Brief: Output the data below in full, byte for byte. Nothing may differ.

Material supplied:
lemma averaged_bounds:
  assumes "4 \<le> m" and large: "2 * L2\<^sup>2 \<le> (real m - 2) * L1\<^sup>2" and "\<bar>i - j\<bar> \<le> int (m div 2)"
  shows "let Lm = polylen f th m;
          u = (\<lambda>a b. norm (Delta f th a b))
      in Ai u i j \<ge> Lm * L1 / L2 * ((real_of_int \<bar>i - j\<bar> - 1/2) / real m)
       \<and> Ai u i (j + 1) \<ge> Lm * L1 / L2 * ((real_of_int \<bar>i - j\<bar> - 1/2) / real m)
       \<and> Aij u i j \<ge> Lm * L1 / L2 * ((real_of_int \<bar>i - j\<bar> - 1/4) / real m)
       \<and> Aij u i (j + 1) \<ge> Lm * L1 / (2 * L2) * (real_of_int \<bar>i - j\<bar> / real m)"
proof -
  have "2 * \<bar>i - j\<bar> \<le> 2 * int (m div 2)"
    using assms(3) by simp
  also have "\<dots> \<le> int m"
    by linarith
  finally have ij: "2 * \<bar>i - j\<bar> \<le> int m" .
  have scale: "polylen f th m * L1 / L2 * (z / real m) = L1 * side / L2 * z"
    and scale_half: "polylen f th m * L1 / (2 * L2) * (z / real m) = L1 * side / L2 * z / 2" for z
    unfolding side_def by (simp_all add: field_simps)
  have "2 * side\<^sup>2 = side\<^sup>2 * (2 * L2\<^sup>2) / L2\<^sup>2"
    using L2_pos by simp
  also have "\<dots> \<le> side\<^sup>2 * ((real m - 2) * L1\<^sup>2) / L2\<^sup>2"
    using large by (intro divide_right_mono mult_left_mono) simp_all
  also have "\<dots> = (real m - 2) * (L1 * side / L2)\<^sup>2"
    by (simp add: power2_eq_square)
  finally have "2 * side\<^sup>2 \<le> (real m - 2) * (L1 * side / L2)\<^sup>2" .
  with assms(1) show ?thesis
    unfolding Let_def scale scale_half
    using Ai_ge[OF ij] Ai_succ_ge[OF ij] Aij_ge[OF _ ij four_point] Aij_succ_ge[OF assms(1) ij]
    by simp
qed

end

Output below:
lemma averaged_bounds:
  assumes "4 \<le> m" and large: "2 * L2\<^sup>2 \<le> (real m - 2) * L1\<^sup>2" and "\<bar>i - j\<bar> \<le> int (m div 2)"
  shows "let Lm = polylen f th m;
          u = (\<lambda>a b. norm (Delta f th a b))
      in Ai u i j \<ge> Lm * L1 / L2 * ((real_of_int \<bar>i - j\<bar> - 1/2) / real m)
       \<and> Ai u i (j + 1) \<ge> Lm * L1 / L2 * ((real_of_int \<bar>i - j\<bar> - 1/2) / real m)
       \<and> Aij u i j \<ge> Lm * L1 / L2 * ((real_of_int \<bar>i - j\<bar> - 1/4) / real m)
       \<and> Aij u i (j + 1) \<ge> Lm * L1 / (2 * L2) * (real_of_int \<bar>i - j\<bar> / real m)"
proof -
  have "2 * \<bar>i - j\<bar> \<le> 2 * int (m div 2)"
    using assms(3) by simp
  also have "\<dots> \<le> int m"
    by linarith
  finally have ij: "2 * \<bar>i - j\<bar> \<le> int m" .
  have scale: "polylen f th m * L1 / L2 * (z / real m) = L1 * side / L2 * z"
    and scale_half: "polylen f th m * L1 / (2 * L2) * (z / real m) = L1 * side / L2 * z / 2" for z
    unfolding side_def by (simp_all add: field_simps)
  have "2 * side\<^sup>2 = side\<^sup>2 * (2 * L2\<^sup>2) / L2\<^sup>2"
    using L2_pos by simp
  also have "\<dots> \<le> side\<^sup>2 * ((real m - 2) * L1\<^sup>2) / L2\<^sup>2"
    using large by (intro divide_right_mono mult_left_mono) simp_all
  also have "\<dots> = (real m - 2) * (L1 * side / L2)\<^sup>2"
    by (simp add: power2_eq_square)
  finally have "2 * side\<^sup>2 \<le> (real m - 2) * (L1 * side / L2)\<^sup>2" .
  with assms(1) show ?thesis
    unfolding Let_def scale scale_half
    using Ai_ge[OF ij] Ai_succ_ge[OF ij] Aij_ge[OF _ ij four_point] Aij_succ_ge[OF assms(1) ij]
    by simp
qed

end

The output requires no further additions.